Later this year, Americans will be heading to the polls to vote for candidates they believe will make the best decisions to help them lead safer, healthier, more productive lives.

In fact, Americans are telling their elected officials that one of their highest priorities is access to quality, affordable health care. With health care costs continuing to escalate, it is an issue that candidates and state and federal government officials cannot afford to ignore.

Increasingly, families are recognizing that one key way to achieve better health at lower costs is to switch to safe, effective, and affordable generic medicines. Today, 63% of Americans are choosing generic medicines to fill their prescriptions. It is not hard to understand why: generics provide the same medicine and the same results as their brand counterparts, but at a significantly lower cost.

In 2008, the generic industry will continue to take steps to ensure that those affordable medicines reach patients in a timely manner. We are working hard to let lawmakers know how important generics are to patients and the health care system.

We are focused on approving legislation to create an FDA approval pathway for biogenerics, or generic versions of biopharmaceutical products. Legislation would provide patients with access to safe, effective, and affordable life-saving medicines, which are used to treat conditions such as diabetes and cancer. More than 70 organizations and governors have joined GPhA's efforts in support of legislation.

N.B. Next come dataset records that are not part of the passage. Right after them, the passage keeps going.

definition price_match_eq ::
  "'j set \<Rightarrow> 'i set \<Rightarrow> 'k set \<Rightarrow> ('k \<Rightarrow> 'i) \<Rightarrow> ('j \<Rightarrow> 'k \<Rightarrow> real) \<Rightarrow> ('j \<Rightarrow> real) \<Rightarrow> ('k \<Rightarrow> real)
     \<Rightarrow> 'k set \<Rightarrow> ('j \<Rightarrow> real) \<Rightarrow> bool" where
  "price_match_eq J I K own A c b S p \<longleftrightarrow>
     walrasian_eq J I K own A c b S p \<and>
     (\<forall>i\<in>I. \<exists>T. feasible J K own A c T \<and> (\<forall>k\<in>T. own k \<noteq> i) \<and>
        (\<forall>k\<in>T. bundle_price J A p k \<le> b k) \<and>
        (\<Sum>j\<in>J. p j * usage A T j) = (\<Sum>j\<in>J. p j * usage A S j))"

definition valid_cut ::
  "'j set \<Rightarrow> 'k set \<Rightarrow> ('k \<Rightarrow> 'i) \<Rightarrow> ('j \<Rightarrow> 'k \<Rightarrow> real) \<Rightarrow> ('j \<Rightarrow> real) \<Rightarrow> 'k set
     \<Rightarrow> ('k \<Rightarrow> real) \<Rightarrow> real \<Rightarrow> bool" where
  "valid_cut J K own A c S \<alpha> \<alpha>0 \<longleftrightarrow>
     (\<forall>k\<in>K. 0 \<le> \<alpha> k) \<and>
     (\<forall>T. feasible J K own A c T \<longrightarrow> (\<Sum>k\<in>T. \<alpha> k) \<le> \<alpha>0) \<and>
     (\<Sum>k\<in>S. \<alpha> k) = \<alpha>0"

definition aug_items :: "'j set \<Rightarrow> (('k \<Rightarrow> real) \<times> real) list \<Rightarrow> ('j + nat) set" where
  "aug_items J cuts = Inl ` J \<union> Inr ` {..<length cuts}"

definition aug_matrix ::
  "('j \<Rightarrow> 'k \<Rightarrow> real) \<Rightarrow> (('k \<Rightarrow> real) \<times> real) list \<Rightarrow> ('j + nat) \<Rightarrow> 'k \<Rightarrow> real" where
  "aug_matrix A cuts x k = (case x of Inl j \<Rightarrow> A j k | Inr l \<Rightarrow> fst (cuts ! l) k)"

definition aug_supply ::
  "('j \<Rightarrow> real) \<Rightarrow> (('k \<Rightarrow> real) \<times> real) list \<Rightarrow> ('j + nat) \<Rightarrow> real" where
  "aug_supply c cuts x = (case x of Inl j \<Rightarrow> c j | Inr l \<Rightarrow> snd (cuts ! l))"

end

theory Submission
  imports Defs
begin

This year, we will face a mounting push for extending market exclusivity for brand biopharmaceuticals. GPhA believes strongly that extending market exclusivity puts brand profits ahead of patient needs by delaying timely access to affordable biogenerics. If Congress is serious about getting safe biogenerics into the hands of patients, it must ensure that it does not tie the generic industry's hands by granting the brand companies excessive market exclusivity— which translates into longer brand product monopolies, to the detriment of patients.

We also are monitoring patent reform, which is currently under debate in Congress. Although it is important to enhance the integrity of the patent process, the industry is concerned that some of the provisions under consideration would undermine the objective to achieve real reform. Specifically, the industry opposes efforts to change inequitable conduct, which ensures that dubious patents are not preserved, and best mode, which is critical to promoting efficient use of scientific resources. Both measures are vital to bringing affordable generics to market.

Other issues that will be at stake include counterfeiting and pedigree measures, authorized generics, and free trade agreements. We have joined with a coalition, Rx Safe- Track, on possible anti-counterfeiting and pedigree measures to ensure that medicines can be traced throughout the supply chain. On authorized generics, we are working to close a loophole used by brand companies to discourage generic companies from challenging questionable brand patents. And on free trade agreements, our goal is to achieve what we did this past fall in the United States–Peru Free Trade Agreement— Congressional passage of an agreement that maintains a balance between encouraging innovation and allowing access to generic medicines.

There is no doubt that 2008 will be an exciting year in the political and legislative arenas, and GPhA will be working hard to ensure that the right choices are made to improve Americans' health for less.